Абдоминальное УЗИ — доступный и неинвазивный метод топической диагностики инсулиномы. При ультразвуковом исследовании опухоль имеет округлую или овальную форму, четкие контуры и гипоэхогенную гетеро- или гомогенную акустическую структуру. С помощью данного метода можно также оценить степень васкуляризации новообразования и наличие метастазов в региональных лимфатических узлах и печени. Чувствительность УЗИ во многом зависит от размера опухоли, локализации, степени развития подкожной жировой клетчатки. Кроме того, большое значение имеет опыт и уровень квалификации специалиста, проводящего исследование.

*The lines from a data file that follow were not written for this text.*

(* Let $n\in\mathbb{N}$ with $n\ge 2$, and let $\alpha:=\frac{n+\sqrt{n^2+4}}{2}$, $\gamma:=1/\alpha$, $\tau:=\log\alpha/\log n$. Then the number $\alpha-n=\frac{\sqrt{n^2+4}-n}{2}\in(0,1)$ is an isolated point of $D_{\gamma,\tau}\cap[0,1]$.
   Context: For $\gamma>0$ and $\tau\ge 1$, the Diophantine set $D_{\gamma,\tau}$ is the set of all real numbers $\xi$ such that $|\xi q-p|\ge \gamma/q^{\tau}$ for all $p\in\mathbb{Z}$ and all $q\in\mathbb{N}=\{1,2,3,\dots\}$. *)

theory Defs
  imports "HOL-Analysis.Analysis"
begin

definition diophantine_set :: "real \<Rightarrow> real \<Rightarrow> real set" where
  "diophantine_set \<gamma> \<tau> =
     {\<xi>. \<forall>p::int. \<forall>q::nat. q \<ge> 1 \<longrightarrow> \<bar>\<xi> * real q - real_of_int p\<bar> \<ge> \<gamma> / (real q powr \<tau>)}"

end

theory Submission
  imports Defs
begin

text \<open>Write \<open>b = \<alpha> - n = 1/\<alpha>\<close>, the positive root of \<open>x\<^sup>2 + n x = 1\<close>, so that
  \<open>\<gamma> = b\<close> and \<open>n\<^sup>\<tau> = \<alpha> = n + b\<close>. For \<open>q < n\<close> the distance from \<open>b q\<close> to the
  nearest integer is already at least \<open>b\<close>. For \<open>q \<ge> n\<close> one uses the factorisation
  \<open>(b q - p)(\<alpha> q + p) = q\<^sup>2 - n p q - p\<^sup>2\<close>: the right-hand side is a non-zero integer,
  and \<open>q\<^sup>\<tau> \<ge> (q/n) n\<^sup>\<tau>\<close> makes \<open>b/q\<^sup>\<tau>\<close> too small for \<open>\<bar>b q - p\<bar>\<close> to stay below it.
  Isolation comes from the two constraints \<open>q = 1, p = 0\<close> and \<open>q = n, p = 1\<close>:
  the first forces \<open>x \<ge> b\<close>, and since \<open>n b - 1 = -b\<^sup>2 = -b/n\<^sup>\<tau>\<close> the second
  excludes every \<open>x\<close> in \<open>(b, b + b\<^sup>2/n)\<close>.\<close>

lemma quadratic_root_formula:
  fixes n :: real
  assumes "n \<ge> 0"
  defines "b \<equiv> (sqrt (n\<^sup>2 + 4) - n) / 2"
  shows "b > 0" and "b\<^sup>2 + n * b = 1"
proof -
  have "sqrt (n\<^sup>2 + 4) > sqrt (n\<^sup>2)"
    by (intro real_sqrt_less_mono) simp
  then show "b > 0"
    using assms(1) by (simp add: b_def)
  show "b\<^sup>2 + n * b = 1"
    by (simp add: b_def power2_eq_square field_simps)
qed

lemma int_sq_add_mult_neq_sq:
  fixes n p q :: int
  assumes "n \<ge> 1" and "p \<ge> 1" and "q \<ge> 0"
  shows "p\<^sup>2 + n * p * q \<noteq> q\<^sup>2"
  using assms(2,3)
  \<comment> \<open>Descent \<open>(p, q) \<mapsto> (q - n p, p)\<close>: in disguise, the irrationality of the root of \<open>x\<^sup>2 + n x = 1\<close>.\<close>
proof (induction "nat q" arbitrary: p q rule: less_induct)
  case less
  show ?case
  proof
    assume eq: "p\<^sup>2 + n * p * q = q\<^sup>2"
    have "p * p > 0"
      using less.prems by simp
    then have "q * q > (n * p) * q"
      using eq by (simp add: power2_eq_square algebra_simps)
    then have "q > n * p"
      using less.prems by (smt (verit) mult_right_mono)
    moreover have "n * p \<ge> p"
      using assms(1) less.prems by simp
    ultimately have "nat p < nat q"
      using less.prems by (simp only: nat_less_eq_zless)
    moreover have "(q - n * p)\<^sup>2 + n * (q - n * p) * p = p\<^sup>2"
      using eq by (simp add: power2_eq_square algebra_simps)
    ultimately show False
      using less.hyps[of p "q - n * p"] \<open>q > n * p\<close> less.prems by simp
  qed
qed

lemma conjugate_factorisation:
  fixes b n p q :: real
  assumes "b\<^sup>2 + n * b = 1"
  shows "(b * q - p) * (q / b + p) = q\<^sup>2 - n * p * q - p\<^sup>2"
proof -
  have "b \<noteq> 0"
    using assms by auto
  then have "b - 1 / b = - n"
    using assms by (simp add: field_simps power2_eq_square)
  moreover have "(b * q - p) * (q / b + p) = q\<^sup>2 + (b - 1 / b) * p * q - p\<^sup>2"
    using \<open>b \<noteq> 0\<close> by (simp add: field_simps power2_eq_square)
  ultimately show ?thesis
    by simp
qed

lemma powr_ge_ratio_mult_powr:
  fixes a x \<tau> :: real
  assumes "0 < a" and "a \<le> x" and "1 \<le> \<tau>"
  shows "x / a * a powr \<tau> \<le> x powr \<tau>"
proof -
  have "x / a = (x / a) powr 1"
    using assms by simp
  also have "\<dots> \<le> (x / a) powr \<tau>"
    using assms by (intro powr_mono) auto
  also have "\<dots> = x powr \<tau> / a powr \<tau>"
    using assms by (simp add: powr_divide)
  finally show ?thesis
    using assms by (simp add: field_simps)
qed

lemma quadratic_root_less_one:
  fixes b n :: real
  assumes "b > 0" and "b\<^sup>2 + n * b = 1" and "n > 0"
  shows "b < 1"
proof -
  have "n * b > 0"
    using assms by simp
  then have "b\<^sup>2 < 1\<^sup>2"
    using assms(2) by simp
  then show ?thesis
    by (rule power2_less_imp_less) simp
qed

lemma small_denominator_distance:
  fixes b n q :: real and p :: int
  assumes "b > 0" and "b\<^sup>2 + n * b = 1" and "1 \<le> q" and "q \<le> n - 1"
  shows "b \<le> \<bar>b * q - p\<bar>"
proof (cases "p \<le> 0")
  case True
  have "b \<le> b * q"
    using assms(1,3) by simp
  with True show ?thesis
    by linarith
next
  case False
  then have "1 \<le> p"
    by simp
  moreover have "b * q \<le> b * (n - 1)"
    using assms(1,4) by simp
  ultimately have "b\<^sup>2 + b \<le> p - b * q"
    using assms(2) by (simp add: algebra_simps)
  then show ?thesis
    using abs_ge_minus_self[of "b * q - p"] zero_le_power2[of b] by linarith
qed

lemma large_denominator_distance:
  fixes b t :: real and n q :: nat and p :: int
  assumes b: "b > 0" "b\<^sup>2 + n * b = 1" and "n \<ge> 1" and "q \<ge> 1"
    and t: "1 \<le> b * t" "q \<le> n * b * t"
  shows "b / t \<le> \<bar>b * q - p\<bar>"
proof -
  define \<delta> where "\<delta> = \<bar>b * q - p\<bar>"
  have "t > 0"
    using b(1) t(1) by (smt (verit) mult_nonneg_nonpos)
  have "b \<le> 1"
    using quadratic_root_less_one[OF b] \<open>n \<ge> 1\<close> by simp
  have b_over_t: "b / t \<le> b\<^sup>2"
    using \<open>t > 0\<close> b(1) t(1) by (simp add: field_simps power2_eq_square)
  show ?thesis
  proof (cases "p \<le> 0")
    case True
    have "b \<le> b * q"
      using b(1) \<open>q \<ge> 1\<close> by simp
    moreover have "b\<^sup>2 \<le> b"
      using \<open>b \<le> 1\<close> b(1) by (simp add: power2_eq_square)
    ultimately show ?thesis
      using True b_over_t by linarith
  next
    case False
    have "(int q)\<^sup>2 - int n * p * int q - p\<^sup>2 \<noteq> 0"
      using int_sq_add_mult_neq_sq[of "int n" p "int q"] False \<open>n \<ge> 1\<close> by auto
    then have "1 \<le> \<bar>of_int ((int q)\<^sup>2 - int n * p * int q - p\<^sup>2) :: real\<bar>"
      by (metis of_int_1_le_iff of_int_abs zero_less_abs_iff int_one_le_iff_zero_less)
    also have "\<dots> = \<bar>q\<^sup>2 - n * p * q - p\<^sup>2\<bar>"
      by simp
    also have "\<dots> = \<bar>(b * q - p) * (q / b + p)\<bar>"
      by (simp add: conjugate_factorisation[OF b(2)])
    also have "\<dots> = \<delta> * (q / b + p)"
      using False b(1) by (simp add: \<delta>_def abs_mult add_pos_pos)
    also have "\<dots> \<le> \<delta> * (q / b + b * q + \<delta>)"
      unfolding \<delta>_def by (intro mult_left_mono) auto
    finally have lower: "1 \<le> \<delta> * (q / b + b * q + \<delta>)" .
    show ?thesis
    proof (rule ccontr)
      assume "\<not> ?thesis"
      then have "\<delta> < b / t"
        by (simp add: \<delta>_def)
      then have "\<delta> * (q / b + b * q + \<delta>) < b / t * (q / b + b * q + b / t)"
        using b(1) \<open>t > 0\<close> by (intro mult_strict_mono) (auto simp: \<delta>_def)
      also have "\<dots> = q / t * (1 + b\<^sup>2) + (b / t)\<^sup>2"
        using b(1) \<open>t > 0\<close> by (simp add: field_simps power2_eq_square)
      also have "\<dots> \<le> n * b * (1 + b\<^sup>2) + (b\<^sup>2)\<^sup>2"
        using \<open>t > 0\<close> t(2) b_over_t b(1)
        by (intro add_mono mult_right_mono power_mono) (auto simp: field_simps)
      also have "\<dots> = (1 - b\<^sup>2) * (1 + b\<^sup>2) + (b\<^sup>2)\<^sup>2"
        using b(2) by (simp add: eq_diff_eq')
      also have "\<dots> = 1"
        by (simp add: algebra_simps power2_eq_square)
      finally show False
        using lower by linarith
    qed
  qed
qed

lemma quadratic_root_in_diophantine_set:
  fixes b \<tau> :: real and n :: nat
  assumes b: "b > 0" "b\<^sup>2 + n * b = 1" and "n \<ge> 2" and n_powr: "real n powr \<tau> = 1 / b"
  shows "b \<in> diophantine_set b \<tau>"
proof -
  have "1 / b = n + b"
    using b by (simp add: field_simps power2_eq_square)
  then have "real n powr 1 \<le> real n powr \<tau>"
    using n_powr b(1) by simp
  then have "\<tau> \<ge> 1"
    by (rule powr_le_cancel_iff[THEN iffD1, rotated]) (use \<open>n \<ge> 2\<close> in simp)
  have "b / real q powr \<tau> \<le> \<bar>b * q - p\<bar>" if "q \<ge> 1" for p :: int and q :: nat
  proof (cases "q < n")
    case True
    have "1 \<le> real q powr \<tau>"
      using that \<open>\<tau> \<ge> 1\<close> by (simp add: ge_one_powr_ge_zero)
    then have "b / real q powr \<tau> \<le> b"
      using b(1) by (simp add: divide_le_eq mult_le_cancel_left1)
    also have "b \<le> \<bar>b * q - p\<bar>"
      using small_denominator_distance[OF b, of q p] that True by simp
    finally show ?thesis .
  next
    case False
    define t where "t = real q powr \<tau>"
    have "q / n * (1 / b) \<le> t"
      using powr_ge_ratio_mult_powr[of n q \<tau>] False \<open>n \<ge> 2\<close> \<open>\<tau> \<ge> 1\<close>
      by (simp add: t_def n_powr)
    then have q_le: "q \<le> n * b * t"
      using \<open>n \<ge> 2\<close> b(1) by (simp add: field_simps)
    with False have "n * 1 \<le> n * (b * t)"
      by (simp add: algebra_simps)
    then have "1 \<le> b * t"
      using \<open>n \<ge> 2\<close> by simp
    with q_le show ?thesis
      using large_denominator_distance[OF b, of q t p] that \<open>n \<ge> 2\<close> by (simp add: t_def)
  qed
  then show ?thesis
    by (simp add: diophantine_set_def)
qed

lemma diophantine_set_near_quadratic_root:
  fixes b \<tau> x :: real and n :: nat
  assumes b: "b > 0" "b\<^sup>2 + n * b = 1" and "n \<ge> 1" and n_powr: "real n powr \<tau> = 1 / b"
    and x: "x \<in> diophantine_set b \<tau>" "\<bar>x - b\<bar> < b\<^sup>2 / n"
  shows "x = b"
proof -
  have "b / real 1 powr \<tau> \<le> \<bar>x * real 1 - real_of_int 0\<bar>"
    using x(1) unfolding diophantine_set_def by blast
  then have "b \<le> \<bar>x\<bar>"
    by simp
  have "b < 1"
    using quadratic_root_less_one[OF b] \<open>n \<ge> 1\<close> by simp
  then have "b \<le> n"
    using \<open>n \<ge> 1\<close> by simp
  then have "b\<^sup>2 / n \<le> b"
    using b(1) \<open>n \<ge> 1\<close> by (simp add: field_simps power2_eq_square)
  then have "b \<le> x"
    using x(2) \<open>b \<le> \<bar>x\<bar>\<close> by (simp add: abs_if split: if_splits)
  then have "0 \<le> n * (x - b)"
    by simp
  moreover have "n * (x - b) < b\<^sup>2"
  proof -
    have "n * (x - b) \<le> n * \<bar>x - b\<bar>"
      by (intro mult_left_mono) auto
    also have "\<dots> < b\<^sup>2"
      using x(2) \<open>n \<ge> 1\<close> by (simp add: field_simps)
    finally show ?thesis .
  qed
  moreover have "b\<^sup>2 \<le> \<bar>n * (x - b) - b\<^sup>2\<bar>"
  proof -
    have "b / real n powr \<tau> \<le> \<bar>x * n - real_of_int 1\<bar>"
      using x(1) \<open>n \<ge> 1\<close> unfolding diophantine_set_def by blast
    moreover have "x * n - 1 = n * (x - b) - b\<^sup>2"
      using b(2) by (simp add: algebra_simps)
    ultimately show ?thesis
      by (simp add: n_powr power2_eq_square)
  qed
  ultimately have "n * (x - b) = 0"
    by linarith
  then show ?thesis
    using \<open>n \<ge> 1\<close> by simp
qed

theorem mainTheorem4:
  fixes n :: nat
  assumes "n \<ge> 2"
  defines "\<alpha> \<equiv> (real n + sqrt (real n ^ 2 + 4)) / 2"
  defines "\<gamma> \<equiv> 1 / \<alpha>"
  defines "\<tau> \<equiv> ln \<alpha> / ln (real n)"
  shows "\<alpha> - real n \<in> diophantine_set \<gamma> \<tau> \<inter> {0..1}
     \<and> \<not> ((\<alpha> - real n) islimpt (diophantine_set \<gamma> \<tau> \<inter> {0..1}))"
proof -
  define b where "b = \<alpha> - real n"
  have b_eq: "b = (sqrt ((real n)\<^sup>2 + 4) - real n) / 2"
    by (simp add: b_def \<alpha>_def field_simps)
  have b: "b > 0" "b\<^sup>2 + n * b = 1"
    unfolding b_eq using quadratic_root_formula[of "real n"] by simp_all
  have "\<alpha> = 1 / b"
    using b by (simp add: b_def field_simps power2_eq_square)
  then have "\<gamma> = b" and n_powr: "real n powr \<tau> = 1 / b"
    using b(1) \<open>n \<ge> 2\<close> by (simp_all add: \<gamma>_def \<tau>_def powr_def)
  have "b < 1"
    using quadratic_root_less_one[OF b] \<open>n \<ge> 2\<close> by simp
  moreover have "b \<in> diophantine_set b \<tau>"
    using quadratic_root_in_diophantine_set[OF b \<open>n \<ge> 2\<close> n_powr] .
  moreover have "\<not> b islimpt (diophantine_set b \<tau> \<inter> {0..1})"
  proof
    assume "b islimpt (diophantine_set b \<tau> \<inter> {0..1})"
    moreover have "b\<^sup>2 / n > 0"
      using b(1) \<open>n \<ge> 2\<close> by simp
    ultimately obtain x where "x \<in> diophantine_set b \<tau>" "x \<noteq> b" "\<bar>x - b\<bar> < b\<^sup>2 / n"
      unfolding islimpt_approachable dist_real_def by blast
    then show False
      using diophantine_set_near_quadratic_root[OF b _ n_powr] \<open>n \<ge> 2\<close> by simp
  qed
  ultimately show ?thesis
    using b(1) by (simp add: b_def \<open>\<gamma> = b\<close>)
qed

end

МРТ органов брюшной полости — неинвазивный метод визуализации инсулиномы, не обладающий лучевой нагрузкой, в отличие от КТ. По данным литературы, чувствительность МРТ в диагностике инсулиномы составляет более 90%. На Т1-взвешенных изображениях опухоль обычно гипоинтенсивная, округлой или овальной формы с четкими контурами. На Т2-взвешенных изображениях инсулинома имеет гиперинтенсивный сигнал. Небольшие опухоли (менее 2 см в диаметре) гиперинтенсивные и гомогенные в артериальную фазу, при этом в образованиях большего размера может визуализироваться некротический или кистозный компонент с наличием гиперваскулярной короны.
Мультиспиральная компьютерная томография (МСКТ) с внутривенным контрастированием позволяет выявить большинство инсулином, а также оценить расположение опухоли по отношению к другим органам и наличие метастазов. Чаще всего инсулиномы визуализируются как небольшие (0,5–2 см) гиподенсные образования с четкими контурами, с высоким захватом контраста в артериальную и венозную фазы и гиперваскулярные на постконтрастных изображениях [10]. Чувствительность МСКТ в диагностике инсулиномы составляет более 80%. При использовании двухэнергетической МСКТ показатель увеличивается до 95,7% [11].
Поскольку диаметр образования зачастую может не превышать 1 см, отрицательный результат методов визуализации 1-го ряда не исключает наличие опухоли. В таких случаях диагностический поиск продолжается с применением методов 2-го ряда, к которым можно отнести эндосонографию панкреатобилиарной зоны (ПБЗ) и сцинтиграфию с туморотропными радиофармпрепаратами (аналоги соматостатина, меченные радиоактивной меткой) в режиме «все тело».
Эндосонография (ЭндоУЗИ) ПБЗ с возможностью тонкоигольной аспирационной биопсии (ТАБ) опухоли – высокочувствительный метод при диагностике инсулиномы. Однако исследование является инвазивным, при проведении ТАБ имеются риски осложнений. Ограничивает широкое применение данного метода высокая стоимость и низкая доступность эндоУЗИ.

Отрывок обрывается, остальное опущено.